Methods. Haemodialysis patients with stable Hb and maintained on either s.c. or i.v. epoetin (alpha or beta) were switched to intravenously administered darbepoetin alpha according to the 1:200 rule. Subjects treated with epoetin two or three times per week received one weekly dose of darbepoetin alpha, subjects on weekly epoetin received darbepoetin alpha every 2 weeks. For 20 weeks, darbepoetin alpha was changed every 2 weeks according to a pre-specified algorithm, if this was needed to keep Hb within ±1.0 g/dl of each subject's individual baseline. Thereafter, patients entered a 4-week evaluation period.
Results. One hundred ad thirty-two patients in 17 Swiss centres were enrolled and 100 completed the study throughout the evaluation period. While mean Hb was maintained stable between baseline and evaluation period (11.8 ± 0.6 g/dl in both), the mean required darbepoetin alpha dose decreased from 34.7 ± 2.1 to 26.0 ± 1.8 µg (–25%, P < 0.0001), yielding a mean final conversion ratio of 1:336. A dose decrease was observed in 56 patients, no dose change in 28 and an increase in 16 patients. Dose reduction strongly depended on baseline epoetin dose: no dose reduction was required for baseline epoetin doses <5000 U/week, whereas a 37% lower mean dose was necessary for baseline doses of 7000–10 000 U/week. The darbepoetin alpha dose reduction did not depend on the previous epoetin type (alpha or beta) or the previous epoetin administration route (i.v. vs s.c.).

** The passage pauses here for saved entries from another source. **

text \<open>Undominatedness rules out bidding above one's value and, for values \<open>v \<ge> 2\<close>, bidding
  exactly \<open>v\<close> (bidding \<open>v - 1\<close> is weakly better and strictly better against opponents who
  always bid 0). Revealed preference between two types makes every symmetric equilibrium
  bidding function monotone.

  Uniqueness then follows by induction on the value. Suppose \<open>\<beta>\<close> and \<open>\<beta>'\<close> agree up to \<open>v\<close>
  but \<open>b = \<beta> (v+1) < b' = \<beta>' (v+1)\<close>. By monotonicity the two opponent bid distributions
  put the same mass below \<open>b\<close>, whereas below \<open>b'\<close> the distribution under \<open>\<beta>'\<close> only
  contains the values \<open>\<le> v\<close> and the one under \<open>\<beta>\<close> also contains \<open>v + 1\<close>. The optimality
  conditions of type \<open>v + 1\<close> in both equilibria then force the winning probability at \<open>b'\<close>
  under \<open>\<beta>\<close> to be at most the one under \<open>\<beta>'\<close>, since \<open>b' < v + 1\<close>; a contradiction.\<close>

lemma prob_below_zero [simp]: "prob_below x p g 0 = 0"
  unfolding prob_below_def by simp

lemma prob_below_nonneg:
  assumes "full_support_dist x p"
  shows "prob_below x p g b \<ge> 0"
  using assms unfolding prob_below_def full_support_dist_def
  by (intro sum_nonneg) (auto intro: less_imp_le)

lemma prob_below_mono:
  assumes "full_support_dist x p" "b \<le> b'"
  shows "prob_below x p g b \<le> prob_below x p g b'"
  unfolding prob_below_def
proof (rule sum_mono2)
  show "{w. w \<le> x \<and> g w < b} \<subseteq> {w. w \<le> x \<and> g w < b'}"
    using assms(2) by auto
  show "\<And>w. w \<in> {w. w \<le> x \<and> g w < b'} - {w. w \<le> x \<and> g w < b} \<Longrightarrow> 0 \<le> p w"
    using assms(1) unfolding full_support_dist_def by (auto intro: less_imp_le)
qed simp

lemma prob_below_const_zero:
  assumes "full_support_dist x p" "b \<ge> 1"
  shows "prob_below x p (\<lambda>_. 0) b = 1"
proof -
  have "{w. w \<le> x \<and> (0::nat) < b} = {..x}" using assms(2) by auto
  then show ?thesis using assms(1) unfolding prob_below_def full_support_dist_def by simp
qed

lemma sum_atMost_le_prob_below:
  assumes "full_support_dist x p" "u \<le> x" "\<And>w. w \<le> u \<Longrightarrow> g w < b"
  shows "(\<Sum>w\<le>u. p w) \<le> prob_below x p g b"
  unfolding prob_below_def
proof (rule sum_mono2)
  show "{..u} \<subseteq> {w. w \<le> x \<and> g w < b}" using assms(2,3) by auto
  show "\<And>w. w \<in> {w. w \<le> x \<and> g w < b} - {..u} \<Longrightarrow> 0 \<le> p w"
    using assms(1) unfolding full_support_dist_def by (auto intro: less_imp_le)
qed simp

lemma prob_below_pos:
  assumes "full_support_dist x p" "w \<le> x" "g w < b"
  shows "prob_below x p g b > 0"
proof -
  have "p w \<le> prob_below x p g b"
    using assms unfolding prob_below_def full_support_dist_def
    by (intro member_le_sum) (auto intro: less_imp_le)
  moreover have "p w > 0" using assms unfolding full_support_dist_def by auto
  ultimately show ?thesis by simp
qed

lemma prob_below_eq_sum_atMost:
  assumes "v \<le> x" "\<And>w. w \<le> v \<Longrightarrow> g w < b" "\<And>w. v < w \<Longrightarrow> w \<le> x \<Longrightarrow> b \<le> g w"
  shows "prob_below x p g b = (\<Sum>w\<le>v. p w)"
proof -
  have "{w. w \<le> x \<and> g w < b} = {..v}"
    using assms by (auto simp: not_le) (meson leD not_le)
  then show ?thesis unfolding prob_below_def by simp
qed

lemma prob_below_eq_if_agree_below:
  assumes "\<And>w. w \<le> v \<Longrightarrow> g w = g' w"
    and "\<And>w. v < w \<Longrightarrow> w \<le> x \<Longrightarrow> b \<le> g w \<and> b \<le> g' w"
  shows "prob_below x p g b = prob_below x p g' b"
proof -
  have "{w. w \<le> x \<and> g w < b} = {w. w \<le> x \<and> g' w < b}"
    using assms by (metis leD not_le)
  then show ?thesis unfolding prob_below_def by simp
qed

lemma win_prob_symmetric: "win_prob n x p (\<lambda>_. \<beta>) c = prob_below x p \<beta> c ^ (n - 1)"
  unfolding win_prob_def by simp

lemma win_prob_nonneg:
  assumes "full_support_dist x p"
  shows "win_prob n x p G c \<ge> 0"
  unfolding win_prob_def using prob_below_nonneg[OF assms] by (simp add: prod_nonneg)

lemma win_prob_zero:
  assumes "n \<ge> 2"
  shows "win_prob n x p G 0 = 0"
  unfolding win_prob_def using assms by simp

lemma win_prob_const_zero:
  assumes "full_support_dist x p" "c \<ge> 1"
  shows "win_prob n x p (\<lambda>_ _. 0) c = 1"
  unfolding win_prob_def using prob_below_const_zero[OF assms] by simp

lemma payoff_fun_upd:
  assumes "v \<le> x"
  shows "payoff n x p (\<beta>(v := c)) G = payoff n x p \<beta> G
     + p v * ((real v - real c) * win_prob n x p G c
              - (real v - real (\<beta> v)) * win_prob n x p G (\<beta> v))"
proof -
  let ?u = "\<lambda>\<gamma> w. p w * (real w - real (\<gamma> w)) * win_prob n x p G (\<gamma> w)"
  have "(\<Sum>w\<le>x. ?u (\<beta>(v := c)) w) - (\<Sum>w\<le>x. ?u \<beta> w)
      = (\<Sum>w\<le>x. if w = v then ?u (\<beta>(v := c)) v - ?u \<beta> v else 0)"
    by (subst sum_subtractf[symmetric], rule sum.cong) auto
  then show ?thesis using assms unfolding payoff_def by (simp add: algebra_simps)
qed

Conclusions. The mean darbepoetin alpha dose needed to keep Hb stable in patients previously treated with epoetin is significantly lower than the equimolar dose. Although the equimolar 1:200 conversion ratio is appropriate for lower epoetin doses (<5000 IU/week), the darbepoetin dose for patients converting from 
5000 IU of epoetin per week is more likely to follow a 1:250 to 1:350 conversion rule. If pricing is based on the 1:200 rule such as in Switzerland, this may translate into cost savings.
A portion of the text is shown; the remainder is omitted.